Страница 7 из 17
И висели на закопченной стене сакли винтовка, сабля и пистолет, а кинжалом рубили часто голову не врагу, а курице, когда надо было варить из нее суп.
До такого позора дожил кабардинский народ!
Выстроилось войско, и старый князь Алибек выехал перед ним на своем боевом гнедом жеребце и громко воскликнул:
– Воины! Враг многочислен и силен, и нам надо биться до последнего издыхания, чтобы победить его!
– Победим или умрем! – шумным криком ответили воины.
А из-за высоких курганов уже показались орды крымцев. Далеко растянулись они и вширь и вдоль, на конях, на высоких двухколесных арбах, запряженных волами и верблюдами, и пешие, как саранча, были они многочисленны, и земля гудела от топота ног, гул и стон шел по степи от человеческих голосов, скрипа арб, рева верблюдов и неумолкаемого крика ворон и коршунов, громадной тучей летевших вверху.
Князь Алибек махнул рукой, и трубач заиграл в длинную и тонкую медную трубу, и полились звонкие, чистые, как звон серебра, звуки и плакали в своих печальных переливах.
И тихо стало в кабардинском войске.
Замер последний звук трубы. Из переднего ряда войска выехал на сером коне бедно одетый и вооруженный одним только кинжалом чекуок (в древней Кабарде чекуоками назывались народные певцы) Батырбек и, повернувшись лицом к воинам, запел:
– Под синеющимися в степи курганами спят вечным сном витязи, гордость и слава Кабарды.
Вечная им память!
Страха не знали они: как орлы налетали, и сильны были удары их.
В груди их билось мужественное и великодушное сердце: вдвое сильный враг не видел их спины, обезоруженного и несчастного врага жалели они, и был он гостем у их очага.
Бог знает, откуда приходят тучи, тянутся над степью, плачут дождем, и ветер уносит их.
Другие тучи приходят, и также уносит их ветер, куда – Бог знает.
Уходит день, приходит ночь.
Тепло сменяет холод и холод сменяет тепло.
Уходят годы один за другим, как быстрая река бежит время и все изменяет: что сегодня любишь, возненавидишь завтра, что ненавидишь сегодня, завтра полюбишь.
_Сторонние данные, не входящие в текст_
lemma eq_B_fam_if_card_ge:
  assumes \<Y>: "\<Y> \<subseteq> Pi_part n 3" and cross: "cross_intersecting (A_fam n 3 {A} {A, C, D}) \<Y>"
    and large: "2 ^ (n - 2) \<le> card \<Y>"
  shows "card A = 1" and "\<Y> = B_fam n 3 {A} {A, C, D}"
proof -
  have sub: "\<Y> \<subseteq> B_fam n 3 {A} {A, C, D}" using subset_B_fam_if_cross_intersecting[OF \<Y> cross] .
  have fin: "finite (B_fam n 3 {A} {A, C, D})" using B_fam_subset finite_Pi_part finite_subset by blast
  have "(2::nat) ^ (n - 2) \<le> 2 ^ (n - card A - 1)"
    using large card_mono[OF fin sub] card_B_fam by linarith
  then have "n - 2 \<le> n - card A - 1" by simp
  moreover have "card A \<ge> 1" using nonempty proper card_A_lt
    by (metis One_nat_def Suc_leI card_gt_0_iff finite_atLeastAtMost finite_subset le_sup_iff psubsetE)
  ultimately show "card A = 1" using card_A_lt by linarith
  then have "card \<Y> = card (B_fam n 3 {A} {A, C, D})"
    using large card_mono[OF fin sub] card_B_fam by (simp add: numeral_2_eq_2)
  then show "\<Y> = B_fam n 3 {A} {A, C, D}" using card_subset_eq[OF fin sub] by blast
qed

end
lemma sample_exp_const:
  assumes "\<theta> \<in> prob_simplex" and "\<And>ys. f ys = c"
  shows "sample_exp \<theta> N f = c"
proof -
  have "sample_exp \<theta> N f = (\<Sum>ys\<in>{ys. length ys = N}. sample_prob \<theta> ys) * c"
    unfolding sample_exp_def assms(2) by (simp add: sum_distrib_right)
  with assms(1) show ?thesis unfolding prob_simplex_def by (simp add: sum_sample_prob)
qed

lemma not_cond_A1_const:
  assumes "\<theta> \<in> prob_simplex" and "\<And>ys. U (sel ys) = c"
  shows "\<not> cond_A1 U \<theta> sel"
  using sample_exp_const[of \<theta> "\<lambda>ys. U (sel ys)" c] assms unfolding cond_A1_def by simp

theorem theorem1:
  fixes L1 :: "real^'y::finite \<Rightarrow> 'y \<Rightarrow> real"
    and U :: "(real^'y) measure \<Rightarrow> real"
  assumes nonneg: "\<And>\<theta> y. \<theta> \<in> prob_simplex \<Longrightarrow> 0 \<le> L1 \<theta> y"
    and jensen: "\<And>Q y. level2 Q \<Longrightarrow> ennreal (L1 (mean2 Q) y) \<le> (\<integral>\<^sup>+ \<theta>. ennreal (L1 \<theta> y) \<partial>Q)"
    and U: "uncertainty_measure U"
  shows "\<not> appropriate U (L2_of L1)
         \<and> (\<forall>ys Q. is_minimiser (L2_of L1) ys Q \<longrightarrow>
               (\<exists>\<theta>t\<in>prob_simplex. is_minimiser (L2_of L1) ys (dirac \<theta>t)))"
proof -
  have dirac_minimiser: "\<exists>\<theta>t\<in>prob_simplex. is_minimiser (L2_of L1) ys (dirac \<theta>t)"
    if "is_minimiser (L2_of L1) ys Q" for ys Q
    using that is_minimiser_dirac_mean2[OF jensen that] mean2_in_prob_simplex
    unfolding is_minimiser_def by blast
  moreover have "\<not> appropriate U (L2_of L1)"
  proof
    assume app: "appropriate U (L2_of L1)"
    then obtain th where th: "\<And>ys. th ys \<in> prob_simplex \<and> is_minimiser (L2_of L1) ys (dirac (th ys))"
      using dirac_minimiser unfolding appropriate_def by metis
    obtain c where "\<forall>\<theta>\<in>prob_simplex. U (dirac \<theta>) = c"
      using U unfolding uncertainty_measure_def by blast
    with th have "U (dirac (th ys)) = c" for ys by blast
    then have "\<not> cond_A1 U (axis i 1) (\<lambda>ys. dirac (th ys))" for i
      by (intro not_cond_A1_const axis_in_prob_simplex)
    moreover have "\<forall>\<theta>\<in>prob_simplex. cond_A1 U \<theta> (\<lambda>ys. dirac (th ys))"
    proof -
      have "\<forall>ys. is_minimiser (L2_of L1) ys (dirac (th ys))" using th by blast
      with app show ?thesis
        unfolding appropriate_def by (blast dest: spec[of _ "\<lambda>ys. dirac (th ys)"])
    qed
    ultimately show False using axis_in_prob_simplex by blast
  qed
  ultimately show ?thesis by blast
qed

end
lemma compact_metrizable_imp_separable_space:
  assumes "compact_space X" "metrizable_space X"
  shows "separable_space X"
proof -
  obtain m where X: "X = mtopology_of m"
    using assms(2) by (rule metrizable_spaceE)
  interpret Metric_space "mspace m" "mdist m" by simp
  have "compactin mtopology (mspace m)"
    using assms(1) by (simp add: X compact_space_def mtopology_of_def)
  then have "mtotally_bounded (mspace m)"
    by (rule compactin_imp_mtotally_bounded)
  then have "\<forall>n. \<exists>F. finite F \<and> F \<subseteq> mspace m \<and> mspace m \<subseteq> (\<Union>x\<in>F. mball x (1 / Suc n))"
    unfolding mtotally_bounded_def by simp
  then obtain F where F: "\<And>n. finite (F n) \<and> F n \<subseteq> mspace m
                                \<and> mspace m \<subseteq> (\<Union>x\<in>F n. mball x (1 / Suc n))"
    by metis
  have "x \<in> mtopology closure_of (\<Union>n. F n)" if x: "x \<in> mspace m" for x
  proof -
    have "\<exists>y\<in>\<Union>n. F n. y \<in> mball x r" if "r > 0" for r
    proof -
      obtain n where n: "1 / Suc n < r"
        using \<open>r > 0\<close> by (metis nat_approx_posE)
      obtain y where "y \<in> F n" "x \<in> mball y (1 / Suc n)"
        using F x by blast
      with n have "y \<in> mball x r"
        by (auto simp: commute)
      with \<open>y \<in> F n\<close> show ?thesis
        by blast
    qed
    with x show ?thesis
      by (simp add: metric_closure_of)
  qed
  then have "X closure_of (\<Union>n. F n) = topspace X"
    using closure_of_subset_topspace by (fastforce simp: X mtopology_of_def)
  moreover have "countable (\<Union>n. F n)" "(\<Union>n. F n) \<subseteq> topspace X"
    using F by (auto simp: countable_finite X)
  ultimately show ?thesis
    unfolding separable_space_def by blast
qed

lemma metrizable_space_of_continuous_injective:
  assumes "compact_space K" "metrizable_space M" "continuous_map K M f" "inj_on f (topspace K)"
  shows "metrizable_space K"
proof -
  have "embedding_map K M f"
    using assms by (intro continuous_imp_embedding_map) (auto simp: metrizable_imp_Hausdorff_space)
  then have "K homeomorphic_space subtopology M (f ` topspace K)"
    by (rule embedding_map_imp_homeomorphic_space)
  then show ?thesis
    using homeomorphic_metrizable_space metrizable_space_subtopology[OF assms(2)] by blast
qed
Одно никогда не изменится: светлая память в народе о вас, благородные рыцари!
И в годину тяжких испытаний, постигших родину, ваши славные дела и подвиги, благородные рыцари, да послужат нам примером.
Кончил петь чекуок, и по рядам войска, подобно шелесту ветра, пронеслось:
– Аминь…
И опять зазвенели, заплакали, переливаясь печалью, звонкие и чистые звуки трубы.
Выхватил из ножен саблю князь Алибек и, взмахнув ею, воскликнул:
– Победим или умрем! Да поможет нам Бог.
И помчался навстречу крымским ордам, и следом за ним с криком и воем устремилось войско, и от топота конских копыт задрожала земля, тяжелым гулом наполнилась степь и тучи пыли поднялись над ней.
Как громадная стена, твердая и непоколебимая, двигались крымцы.
Налетели кабардинцы, смяли их передние ряды, но врубиться в средину войска им не удалось: слишком много было его, и на смену одного убитого крымца являлось десять новых. И подобно лавине, которая летом срывается с ледников Ошхамахо, навалилась дикая орда на кабардинцев, и дрогнули они, пришли в замешательство, начали отступать, пока не обратились в бегство. И было бегство позорным, никогда не виданным в Кабарде, и не перенес этого позора весь израненный, истекающий кровью чекуок Батырбек, и в отчаянии заколол себя кинжалом.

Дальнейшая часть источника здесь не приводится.